Mar 21, 2001, 06:38 (22 Talkback[s])
(Other stories by Gary Edwards)

Opinions expressed by contributors to Linux Today's 'Community Column' are not necessarily those of LinuxToday's staff or management.

By Gary Edwards

The phone rings. Your Blackberry buzzes wildly. And your wireless Palm Pilot has gathered so much static from the sudden onslaught of messages that nearby paper clips are orbiting the antennae. It's 3:00 AM. You pick up the phone. On the other end, a distraught and panicked Alan Greenspan breathes hard, begging your advice. The future of the free world awaits the measure of your insightful wisdom.

The questions from Alan are direct and to the point.

A. Is Linux and the GNU/GPL destroying America?
B. Is Linux destroying the NASDAQ tech sector?
C. Did Linux liquify the new economy?
D. Will Linux destroy IT and the unawares Dow Blue Chips, still basking in the afterglow of Linux having liquified the new economy?
E. If the Federal Reserve starts paying people to borrow money, will that be enough to stop Linux?
F. And, if all else fails, will the secretly purchased Clinton pardon of Microsoft, now in the hands of the appeals court, be enough to stop that raging beast, Tux the Impaler?

Inquiring minds want to know. Mr. Economy needs to know! You answer still asleep, "yes, a global economy demands an info grid of universal connectivity and collaborative computation where stable, highly integrated operating systems based on open sourced and openly shared technologies are portable across every device and all platforms. Get a clue man, Tux rules!" Exhausted, you drop the phone, clutch tightly your stuffed penguin, and lapse into dreamland.

The urgency of the situation came to mind while reading Linux Today member Gareth Barnard's comments, "Is Linux destroying IT"?

Gareth's question extends to it's natural conclusion the Allchin implication that Linux is un-American and a destroyer of intellectual property. Gareth then goes on to debunk the implications of his own question, concluding that Linux will save IT, and perhaps the economy with it.

The unexpected downturn of the economy has everyone pointing fingers. M$ has the view that competitive under pricing is both un American and destructive.
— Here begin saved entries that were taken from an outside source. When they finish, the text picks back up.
(* Let $\Omega \subset \mathbb{R}^2$ be open, bounded with $|\Omega| = 1$, and let $\Omega = \bigcup_{i=1}^N \Omega_i$ be a partition into pairwise disjoint measurable sets of positive measure. Define $\eta_0 > 0$ by $\pi\eta_0^2 = \min_{1 \le i \le N}|\Omega_i|$. For each $i$ let $B_i$ be a disk with $|B_i| = |\Omega_i|$ and $|\Omega_i \triangle B_i| = |\Omega_i|\mathcal{A}(\Omega_i)$. Let $c_1 > 0$, $d_2 \ge 0$ and assume $\sum_{i=1}^N \frac{|\Omega_i|}{|\Omega|} D(\Omega_i) \le d_2$. Let $I = \{ i \in \{1,\dots,N\} : |\Omega_i| \ge (1+c_1)\pi\eta_0^2\}$. Then $$\left|\left\{x \in \Omega : \Big\| x - \bigcup_{i \in I} B_i\Big\| \le 2\eta_0\right\}\right| \le \frac{9d_2}{c_1} + 9d_2.$$
   Context: $|\cdot|$ is Lebesgue measure and $\triangle$ is symmetric difference. For $x \in \mathbb{R}^2$ and $A \subset \mathbb{R}^2$, $\|x - A\| := \inf_{y\in A}\|x-y\|$. Fraenkel asymmetry: $\mathcal{A}(E) := \inf_B \frac{|E\triangle B|}{|E|}$ over disks $B$ with $|B| = |E|$ (the infimum is attained). $D(\Omega_i) := \frac{|\Omega_i| - \min_{1\le j\le N}|\Omega_j|}{|\Omega_i|}$. *)

theory Defs
  imports "HOL-Analysis.Analysis"
begin

definition is_disk :: "(real^2) set \<Rightarrow> bool" where
  "is_disk B \<longleftrightarrow> (\<exists>c r. r > 0 \<and> B = ball c r)"

definition fraenkel_asymmetry :: "(real^2) set \<Rightarrow> real" where
  "fraenkel_asymmetry E =
     (INF B \<in> {B. is_disk B \<and> measure lebesgue B = measure lebesgue E}.
        measure lebesgue ((E - B) \<union> (B - E)) / measure lebesgue E)"

definition Ddef :: "nat \<Rightarrow> (nat \<Rightarrow> (real^2) set) \<Rightarrow> nat \<Rightarrow> real" where
  "Ddef N \<Omega>s i =
     (measure lebesgue (\<Omega>s i) - Min ((\<lambda>j. measure lebesgue (\<Omega>s j)) ` {1..N}))
       / measure lebesgue (\<Omega>s i)"

text \<open>The set of points of S at distance at most t from A, with the convention
  that the distance to the empty set is +infinity (so the set is empty then).\<close>
definition near_set :: "(real^2) set \<Rightarrow> (real^2) set \<Rightarrow> real \<Rightarrow> (real^2) set" where
  "near_set S A t = {x \<in> S. A \<noteq> {} \<and> infdist x A \<le> t}"

end

theory Submission
  imports Defs
begin

text \<open>Every disk \<open>B\<^sub>i\<close> with \<open>i \<in> I\<close> has radius \<open>r\<^sub>i \<ge> \<eta>\<^sub>0\<close>, so the points within \<open>2\<eta>\<^sub>0\<close> of
  \<open>\<Union>\<^sub>i\<^sub>\<in>\<^sub>I B\<^sub>i\<close> lie in the concentric disks of radius \<open>3r\<^sub>i\<close>, of total area at most \<open>9\<Sum>\<^sub>i\<^sub>\<in>\<^sub>I |\<Omega>\<^sub>i|\<close>.
  A Markov-type count bounds \<open>\<Sum>\<^sub>i\<^sub>\<in>\<^sub>I |\<Omega>\<^sub>i|\<close> by \<open>(1+c\<^sub>1)/c\<^sub>1\<close> times the total excess
  \<open>\<Sum>\<^sub>i (|\<Omega>\<^sub>i| - \<pi>\<eta>\<^sub>0\<^sup>2)\<close>, and since \<open>|\<Omega>| = 1\<close> that excess is exactly \<open>\<Sum>\<^sub>i |\<Omega>\<^sub>i| D(\<Omega>\<^sub>i) \<le> d\<^sub>2\<close>.\<close>

lemma measure_cball_real2: "r \<ge> 0 \<Longrightarrow> measure lebesgue (cball (c::real^2) r) = pi * r^2"
  using content_cball[of r c] by (simp add: unit_ball_vol_2)

lemma measure_ball_real2: "r \<ge> 0 \<Longrightarrow> measure lebesgue (ball (c::real^2) r) = pi * r^2"
  using content_ball[of r c] by (simp add: unit_ball_vol_2)

lemma is_disk_enlarged_measure:
  assumes "is_disk B" "pi * t^2 \<le> measure lebesgue B" "t \<ge> 0"
  obtains c r where "r > 0" "B = ball c r" "pi * (r + 2 * t)^2 \<le> 9 * measure lebesgue B"
proof -
  obtain c r where r: "r > 0" and B: "B = ball c r"
    using assms(1) unfolding is_disk_def by blast
  then have area: "measure lebesgue B = pi * r^2"
    using measure_ball_real2[of r c] by simp
  with assms(2,3) r have "t \<le> r"
    by (simp add: power2_le_iff_abs_le)
  then have "(r + 2 * t)^2 \<le> (3 * r)^2"
    using assms(3) by (intro power_mono) auto
  with area have "pi * (r + 2 * t)^2 \<le> 9 * measure lebesgue B"
    by (simp add: power_mult_distrib)
  with r B show thesis by (rule that)
qed

lemma infdist_ball_ge:
  fixes x c :: "'a::metric_space"
  assumes "r > 0"
  shows "dist x c - r \<le> infdist x (ball c r)"
proof -
  have "dist x c - r \<le> dist x a" if "a \<in> ball c r" for a
    using that dist_triangle[of x c a] by (simp add: dist_commute)
  with assms show ?thesis
    by (simp add: infdist_notempty) (rule cINF_greatest, auto)
qed

lemma infdist_UN_finite:
  assumes "finite I" "I \<noteq> {}" "\<And>i. i \<in> I \<Longrightarrow> A i \<noteq> {}"
  shows "infdist x (\<Union>i\<in>I. A i) = (MIN i\<in>I. infdist x (A i))"
  using assms
proof (induction I rule: finite_ne_induct)
  case (insert j I)
  then have "(\<Union>i\<in>I. A i) \<noteq> {}" by auto
  with insert show ?case by (simp add: infdist_Un_min)
qed simp

lemma near_set_UN_balls_subset:
  fixes c :: "'i \<Rightarrow> real^2"
  assumes "finite I" "\<And>i. i \<in> I \<Longrightarrow> r i > 0"
  shows "near_set S (\<Union>i\<in>I. ball (c i) (r i)) t \<subseteq> (\<Union>i\<in>I. cball (c i) (r i + t))"
proof
  fix x assume "x \<in> near_set S (\<Union>i\<in>I. ball (c i) (r i)) t"
  then have "I \<noteq> {}" and near: "infdist x (\<Union>i\<in>I. ball (c i) (r i)) \<le> t"
    unfolding near_set_def by auto
  obtain i where i: "i \<in> I"
    and "infdist x (ball (c i) (r i)) = (MIN j\<in>I. infdist x (ball (c j) (r j)))"
  proof -
    have "(MIN j\<in>I. infdist x (ball (c j) (r j))) \<in> (\<lambda>j. infdist x (ball (c j) (r j))) ` I"
      using \<open>finite I\<close> \<open>I \<noteq> {}\<close> by (intro Min_in) auto
    with that show thesis by auto
  qed
  moreover have "infdist x (\<Union>i\<in>I. ball (c i) (r i)) = (MIN j\<in>I. infdist x (ball (c j) (r j)))"
    using assms \<open>I \<noteq> {}\<close> by (intro infdist_UN_finite) fastforce+
  ultimately have "infdist x (ball (c i) (r i)) \<le> t"
    using near by simp
  then have "dist (c i) x \<le> r i + t"
    using infdist_ball_ge[OF assms(2)[OF i], of x "c i"] by (simp add: dist_commute)
  with i show "x \<in> (\<Union>i\<in>I. cball (c i) (r i + t))" by auto
qed

lemma measure_near_set_UN_balls_le:
  fixes c :: "'i \<Rightarrow> real^2"
  assumes "finite I" "\<And>i. i \<in> I \<Longrightarrow> r i > 0" "t \<ge> 0"
  shows "measure lebesgue (near_set S (\<Union>i\<in>I. ball (c i) (r i)) t) \<le> (\<Sum>i\<in>I. pi * (r i + t)^2)"
proof -
  let ?E = "near_set S (\<Union>i\<in>I. ball (c i) (r i)) t"
  have cover: "(\<Union>i\<in>I. cball (c i) (r i + t)) \<in> lmeasurable"
    using assms(1) by (intro lmeasurable_compact compact_UN) auto
  have "measure lebesgue ?E \<le> measure lebesgue (\<Union>i\<in>I. cball (c i) (r i + t))"
  proof (cases "?E \<in> sets lebesgue")
    case True
    then show ?thesis
      using measure_mono_fmeasurable[OF near_set_UN_balls_subset[OF assms(1,2)] True cover] by simp
  qed (simp add: measure_notin_sets)
  also have "\<dots> \<le> (\<Sum>i\<in>I. measure lebesgue (cball (c i) (r i + t)))"
    using assms(1) by (intro measure_UNION_le) auto
  also have "\<dots> = (\<Sum>i\<in>I. pi * (r i + t)^2)"
    using assms(2,3) by (intro sum.cong refl measure_cball_real2) (auto simp: less_imp_le)
  finally show ?thesis .
qed

text \<open>Only indices exceeding the minimum \<open>m\<close> by the factor \<open>1 + c\<close> are counted, and for each
  of them \<open>\<mu>\<^sub>i \<le> (1+c)/c \<cdot> (\<mu>\<^sub>i - m)\<close>.\<close>
lemma sum_large_le_excess:
  fixes \<mu> :: "'i \<Rightarrow> real"
  assumes "finite A" "c > 0" "\<And>i. i \<in> A \<Longrightarrow> m \<le> \<mu> i"
  shows "(\<Sum>i\<in>{i\<in>A. (1 + c) * m \<le> \<mu> i}. \<mu> i) \<le> (1 + c) / c * (\<Sum>i\<in>A. \<mu> i - m)"
proof -
  have "(\<Sum>i\<in>{i\<in>A. (1 + c) * m \<le> \<mu> i}. \<mu> i) \<le> (\<Sum>i\<in>{i\<in>A. (1 + c) * m \<le> \<mu> i}. (1 + c) / c * (\<mu> i - m))"
  proof (rule sum_mono)
    fix i assume "i \<in> {i\<in>A. (1 + c) * m \<le> \<mu> i}"
    then have "c * \<mu> i \<le> (1 + c) * (\<mu> i - m)" by (simp add: algebra_simps)
    with assms(2) show "\<mu> i \<le> (1 + c) / c * (\<mu> i - m)" by (simp add: field_simps)
  qed
  also have "\<dots> \<le> (\<Sum>i\<in>A. (1 + c) / c * (\<mu> i - m))"
    using assms by (intro sum_mono2) (auto intro: mult_nonneg_nonneg)
  finally show ?thesis by (simp add: sum_distrib_left)
qed

lemma measure_mult_Ddef:
  assumes "measure lebesgue (\<Omega>s i) > 0"
  shows "measure lebesgue (\<Omega>s i) * Ddef N \<Omega>s i
           = measure lebesgue (\<Omega>s i) - Min ((\<lambda>j. measure lebesgue (\<Omega>s j)) ` {1..N})"
  using assms unfolding Ddef_def by simp

theorem mainTheorem4:
  fixes \<Omega> :: "(real^2) set" and \<Omega>s B :: "nat \<Rightarrow> (real^2) set"
    and N :: nat and \<eta>0 c1 d2 :: real
  assumes "open \<Omega>" and "bounded \<Omega>" and "measure lebesgue \<Omega> = 1"
    and "N \<ge> 1"
    and "\<Omega> = (\<Union>i\<in>{1..N}. \<Omega>s i)"
    and "\<And>i. i \<in> {1..N} \<Longrightarrow> \<Omega>s i \<in> sets lebesgue"
    and "\<And>i. i \<in> {1..N} \<Longrightarrow> measure lebesgue (\<Omega>s i) > 0"
    and "\<And>i j. i \<in> {1..N} \<Longrightarrow> j \<in> {1..N} \<Longrightarrow> i \<noteq> j \<Longrightarrow> \<Omega>s i \<inter> \<Omega>s j = {}"
    and "\<eta>0 > 0"
    and "pi * \<eta>0 ^ 2 = Min ((\<lambda>i. measure lebesgue (\<Omega>s i)) ` {1..N})"
    and "\<And>i. i \<in> {1..N} \<Longrightarrow> is_disk (B i)"
    and "\<And>i. i \<in> {1..N} \<Longrightarrow> measure lebesgue (B i) = measure lebesgue (\<Omega>s i)"
    and "\<And>i. i \<in> {1..N} \<Longrightarrow>
           measure lebesgue ((\<Omega>s i - B i) \<union> (B i - \<Omega>s i))
             = measure lebesgue (\<Omega>s i) * fraenkel_asymmetry (\<Omega>s i)"
    and "c1 > 0" and "d2 \<ge> 0"
    and "(\<Sum>i=1..N. measure lebesgue (\<Omega>s i) / measure lebesgue \<Omega> * Ddef N \<Omega>s i) \<le> d2"
  shows "measure lebesgue
           (near_set \<Omega> (\<Union>i\<in>{i \<in> {1..N}. measure lebesgue (\<Omega>s i) \<ge> (1 + c1) * pi * \<eta>0 ^ 2}. B i) (2 * \<eta>0))
         \<le> 9 * d2 / c1 + 9 * d2"
proof -
  define \<mu> where "\<mu> i = measure lebesgue (\<Omega>s i)" for i
  define I where "I = {i \<in> {1..N}. (1 + c1) * (pi * \<eta>0 ^ 2) \<le> \<mu> i}"
  have min_le: "pi * \<eta>0 ^ 2 \<le> \<mu> i" if "i \<in> {1..N}" for i
    unfolding assms(10) \<mu>_def using that by simp
  obtain c r where disk: "\<And>i. i \<in> {1..N} \<Longrightarrow> r i > 0 \<and> B i = ball (c i) (r i)"
    and enlarged_area: "\<And>i. i \<in> {1..N} \<Longrightarrow> pi * (r i + 2 * \<eta>0)^2 \<le> 9 * \<mu> i"
  proof -
    have "\<exists>c r. r > 0 \<and> B i = ball c r \<and> pi * (r + 2 * \<eta>0)^2 \<le> 9 * \<mu> i" if "i \<in> {1..N}" for i
      using is_disk_enlarged_measure[of "B i" \<eta>0] assms(9,11,12) min_le that
      unfolding \<mu>_def by (metis less_imp_le)
    then show thesis using that by metis
  qed
  have "(\<Union>i\<in>I. B i) = (\<Union>i\<in>I. ball (c i) (r i))" "\<forall>i\<in>I. r i > 0"
    using disk unfolding I_def by auto
  then have "measure lebesgue (near_set \<Omega> (\<Union>i\<in>I. B i) (2 * \<eta>0))
      \<le> (\<Sum>i\<in>I. pi * (r i + 2 * \<eta>0)^2)"
    using measure_near_set_UN_balls_le[of I r "2 * \<eta>0" \<Omega> c] assms(9) unfolding I_def by simp
  also have "\<dots> \<le> 9 * (\<Sum>i\<in>I. \<mu> i)"
    unfolding sum_distrib_left by (intro sum_mono enlarged_area) (simp add: I_def)
  also have "\<dots> \<le> 9 * ((1 + c1) / c1 * (\<Sum>i=1..N. \<mu> i - pi * \<eta>0 ^ 2))"
    using sum_large_le_excess[of "{1..N}" c1 "pi * \<eta>0 ^ 2" \<mu>] assms(14) min_le
    unfolding I_def by (simp add: mult_left_mono)
  also have "(\<Sum>i=1..N. \<mu> i - pi * \<eta>0 ^ 2)
      = (\<Sum>i=1..N. measure lebesgue (\<Omega>s i) / measure lebesgue \<Omega> * Ddef N \<Omega>s i)"
    using assms(3,7) measure_mult_Ddef unfolding assms(10) \<mu>_def by (intro sum.cong) auto
  also have "9 * ((1 + c1) / c1 * \<dots>) \<le> 9 * ((1 + c1) / c1 * d2)"
    using assms(14,16) by (intro mult_left_mono) auto
  also have "\<dots> = 9 * d2 / c1 + 9 * d2"
    using assms(14) by (simp add: field_simps)
  finally show ?thesis
    unfolding I_def \<mu>_def by (simp add: mult.assoc)
qed

end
They don't like the "services as software" crowd where competitors, who collaboratively build openly shared freeware, then use it as the basis for delivering fee based services. M$ prefers the "software as a service" approach, where the platform provider can extract a vig from all participants. Salon Magazine politicizes the downturn, blaming old economy campaign contributions to Bush for the collapse of the new "highly productive" economy. And The Economist finds the downturn explanation as a high tech ponzi scheme having run out of suckers.

As American as M$ Pie:
Since the 4th of July is yet a ways away, I had assumed that the timing of the Allchin tearful lament had little to do with an unexpected wave of patriotism sweeping through Redmond on the eve of their appeals hearing. More likely the comments had to do with the more than likely threat that the leaders of the free world might follow the lead of Communist China and trot down the open source path with the dreaded Tux The Impaler leading the way.

But Gareth points something else out. The patriotic pain and anguish of Mr. Allchin was unwittingly unleashed at a time when all of Silicon Valley seemed to be coming clean with the investing public concerning the economic realities of the day. Now, there's something that can bring us all to our knees in despair!

So I wonder with Gareth, what does Linux have to do with the current downturn? Is Tux the Saviour of Silicon Valley, or the dreaded destroyer Mr. Allchin and company fear?

This morning I wasted a few precious minutes on a witless piece of garbage put out by Salon. The article asked and answered the question in its title, "Who needs the new economy? Bush's bias toward industrial dinosaurs is strangling America's high-tech-driven growth."

The Salon claim is that the progressive, "high productivity", new economy entities of Hollywood and Silicon Valley poured their money and efforts into support for Algore. Big Oil, Big Tobacco, and Big Drugs spent billions of their illegal and immoral profits supporting Dubya. The thinking at Salon (ok, I'm being kind) goes like this; now that Dubya is President, Government largesse is flowing into military armaments and every rusting old economy corporate project that can be dusted off. So, with this impeccable logic, the Salonista's claim that crooked campaign financing is why the stock market tanked and world recession looms. The downturn is Presidential payback to mucho bucko Bush supporters whose companies couldn't otherwise compete against the highly productive new economy types!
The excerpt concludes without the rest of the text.